== TRY IT ==
Give back the material that follows, identical in every line.
─── SUPPLIED RECORDS ───
(* Let $\lambda=(\lambda_1,\ldots,\lambda_k)\in\mathcal P_k$, let $\mu$ be a partition maximal for $\lambda$, and let $P(\lambda)=(P_1,\ldots,P_r)$. If $i\in P_{h+1}$ for some $0\le h<r$, then $\mu_i=\lambda_i+\operatorname{sylv}(\lambda^{(h)})$.
   Context: A partition is a weakly decreasing sequence of nonnegative integers; $\mathcal P_k$ is the set of partitions with at most $k$ nonzero parts, written as sequences $(\lambda_1,\ldots,\lambda_k)$ (trailing zeros allowed), identified with Young diagrams; $|\lambda|=\sum\lambda_i$. For $\lambda\subseteq\mu$ in $\mathcal P_k$, ${\sf Tab}(\mu/\lambda)$ is the set of fillings of $\mu/\lambda$ with entries in $\{1,\ldots,k\}$ strictly increasing along rows (left to right) and columns (top to bottom), with every entry in row $i$ at most $i-1$. $\mu$ is maximal for $\lambda$ if ${\sf Tab}(\mu/\lambda)\ne\emptyset$ and ${\sf Tab}(\nu/\lambda)=\emptyset$ whenever $\nu\in\mathcal P_k$, $\lambda\subseteq\nu$, $|\nu|>|\mu|$. $P(\lambda)=(P_1,\ldots,P_r)$ is the ordered set partition of $\{1,\ldots,k\}$ into blocks of indices with equal parts: $i,j$ lie in the same block iff $\lambda_i=\lambda_j$, and $\lambda_i>\lambda_j$ whenever $i\in P_h$, $j\in P_l$ with $h<l$. Set $\lambda^{(0)}=\emptyset$, $\lambda^{(r)}=\lambda$, and for $1\le h\le r-1$, $\lambda^{(h)}=(\lambda_1-\lambda_i,\lambda_2-\lambda_i,\ldots,\lambda_{i-1}-\lambda_i)$ where $i=\min P_{h+1}$. For $n\ge1$ let $\delta^n=(n,n-1,\ldots,1)$ be the staircase, and for a partition $\nu$ let $\operatorname{sylv}(\nu)=\max\{m\ge 0:\delta^m\subseteq\nu\}$ (with $\delta^0=\emptyset$). *)

theory Defs
  imports Main
begin

text \<open>Partitions in P_k are lists of length k (trailing zeros allowed); the paper's
  1-indexed part lambda_i is the list entry at position i - 1.\<close>

definition is_partition :: "nat \<Rightarrow> nat list \<Rightarrow> bool" where
  "is_partition k lam \<longleftrightarrow> length lam = k \<and> sorted_wrt (\<ge>) lam"

definition part :: "nat list \<Rightarrow> nat \<Rightarrow> nat" where
  "part lam i = (if 1 \<le> i \<and> i \<le> length lam then lam ! (i - 1) else 0)"

definition size_part :: "nat list \<Rightarrow> nat" where
  "size_part lam = sum_list lam"

definition contained :: "nat list \<Rightarrow> nat list \<Rightarrow> bool" where
  "contained lam mu \<longleftrightarrow> (\<forall>i. part lam i \<le> part mu i)"

definition skew_cells :: "nat list \<Rightarrow> nat list \<Rightarrow> (nat \<times> nat) set" where
  "skew_cells mu lam = {(i, j). 1 \<le> i \<and> part lam i < j \<and> j \<le> part mu i}"

definition Tab :: "nat \<Rightarrow> nat list \<Rightarrow> nat list \<Rightarrow> ((nat \<times> nat) \<Rightarrow> nat) set" where
  "Tab k mu lam = {T.
     (\<forall>c. c \<notin> skew_cells mu lam \<longrightarrow> T c = 0) \<and>
     (\<forall>c \<in> skew_cells mu lam. 1 \<le> T c \<and> T c \<le> k) \<and>
     (\<forall>i j j'. (i, j) \<in> skew_cells mu lam \<longrightarrow> (i, j') \<in> skew_cells mu lam \<longrightarrow> j < j'
        \<longrightarrow> T (i, j) < T (i, j')) \<and>
     (\<forall>i i' j. (i, j) \<in> skew_cells mu lam \<longrightarrow> (i', j) \<in> skew_cells mu lam \<longrightarrow> i < i'
        \<longrightarrow> T (i, j) < T (i', j)) \<and>
     (\<forall>i j. (i, j) \<in> skew_cells mu lam \<longrightarrow> T (i, j) \<le> i - 1)}"

definition maximal_for :: "nat \<Rightarrow> nat list \<Rightarrow> nat list \<Rightarrow> bool" where
  "maximal_for k lam mu \<longleftrightarrow>
     is_partition k mu \<and> contained lam mu \<and> Tab k mu lam \<noteq> {} \<and>
     (\<forall>nu. is_partition k nu \<and> contained lam nu \<and> size_part nu > size_part mu
        \<longrightarrow> Tab k nu lam = {})"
───
== REPLY ==
(* Let $\lambda=(\lambda_1,\ldots,\lambda_k)\in\mathcal P_k$, let $\mu$ be a partition maximal for $\lambda$, and let $P(\lambda)=(P_1,\ldots,P_r)$. If $i\in P_{h+1}$ for some $0\le h<r$, then $\mu_i=\lambda_i+\operatorname{sylv}(\lambda^{(h)})$.
   Context: A partition is a weakly decreasing sequence of nonnegative integers; $\mathcal P_k$ is the set of partitions with at most $k$ nonzero parts, written as sequences $(\lambda_1,\ldots,\lambda_k)$ (trailing zeros allowed), identified with Young diagrams; $|\lambda|=\sum\lambda_i$. For $\lambda\subseteq\mu$ in $\mathcal P_k$, ${\sf Tab}(\mu/\lambda)$ is the set of fillings of $\mu/\lambda$ with entries in $\{1,\ldots,k\}$ strictly increasing along rows (left to right) and columns (top to bottom), with every entry in row $i$ at most $i-1$. $\mu$ is maximal for $\lambda$ if ${\sf Tab}(\mu/\lambda)\ne\emptyset$ and ${\sf Tab}(\nu/\lambda)=\emptyset$ whenever $\nu\in\mathcal P_k$, $\lambda\subseteq\nu$, $|\nu|>|\mu|$. $P(\lambda)=(P_1,\ldots,P_r)$ is the ordered set partition of $\{1,\ldots,k\}$ into blocks of indices with equal parts: $i,j$ lie in the same block iff $\lambda_i=\lambda_j$, and $\lambda_i>\lambda_j$ whenever $i\in P_h$, $j\in P_l$ with $h<l$. Set $\lambda^{(0)}=\emptyset$, $\lambda^{(r)}=\lambda$, and for $1\le h\le r-1$, $\lambda^{(h)}=(\lambda_1-\lambda_i,\lambda_2-\lambda_i,\ldots,\lambda_{i-1}-\lambda_i)$ where $i=\min P_{h+1}$. For $n\ge1$ let $\delta^n=(n,n-1,\ldots,1)$ be the staircase, and for a partition $\nu$ let $\operatorname{sylv}(\nu)=\max\{m\ge 0:\delta^m\subseteq\nu\}$ (with $\delta^0=\emptyset$). *)

theory Defs
  imports Main
begin

text \<open>Partitions in P_k are lists of length k (trailing zeros allowed); the paper's
  1-indexed part lambda_i is the list entry at position i - 1.\<close>

definition is_partition :: "nat \<Rightarrow> nat list \<Rightarrow> bool" where
  "is_partition k lam \<longleftrightarrow> length lam = k \<and> sorted_wrt (\<ge>) lam"

definition part :: "nat list \<Rightarrow> nat \<Rightarrow> nat" where
  "part lam i = (if 1 \<le> i \<and> i \<le> length lam then lam ! (i - 1) else 0)"

definition size_part :: "nat list \<Rightarrow> nat" where
  "size_part lam = sum_list lam"

definition contained :: "nat list \<Rightarrow> nat list \<Rightarrow> bool" where
  "contained lam mu \<longleftrightarrow> (\<forall>i. part lam i \<le> part mu i)"

definition skew_cells :: "nat list \<Rightarrow> nat list \<Rightarrow> (nat \<times> nat) set" where
  "skew_cells mu lam = {(i, j). 1 \<le> i \<and> part lam i < j \<and> j \<le> part mu i}"

definition Tab :: "nat \<Rightarrow> nat list \<Rightarrow> nat list \<Rightarrow> ((nat \<times> nat) \<Rightarrow> nat) set" where
  "Tab k mu lam = {T.
     (\<forall>c. c \<notin> skew_cells mu lam \<longrightarrow> T c = 0) \<and>
     (\<forall>c \<in> skew_cells mu lam. 1 \<le> T c \<and> T c \<le> k) \<and>
     (\<forall>i j j'. (i, j) \<in> skew_cells mu lam \<longrightarrow> (i, j') \<in> skew_cells mu lam \<longrightarrow> j < j'
        \<longrightarrow> T (i, j) < T (i, j')) \<and>
     (\<forall>i i' j. (i, j) \<in> skew_cells mu lam \<longrightarrow> (i', j) \<in> skew_cells mu lam \<longrightarrow> i < i'
        \<longrightarrow> T (i, j) < T (i', j)) \<and>
     (\<forall>i j. (i, j) \<in> skew_cells mu lam \<longrightarrow> T (i, j) \<le> i - 1)}"

definition maximal_for :: "nat \<Rightarrow> nat list \<Rightarrow> nat list \<Rightarrow> bool" where
  "maximal_for k lam mu \<longleftrightarrow>
     is_partition k mu \<and> contained lam mu \<and> Tab k mu lam \<noteq> {} \<and>
     (\<forall>nu. is_partition k nu \<and> contained lam nu \<and> size_part nu > size_part mu
        \<longrightarrow> Tab k nu lam = {})"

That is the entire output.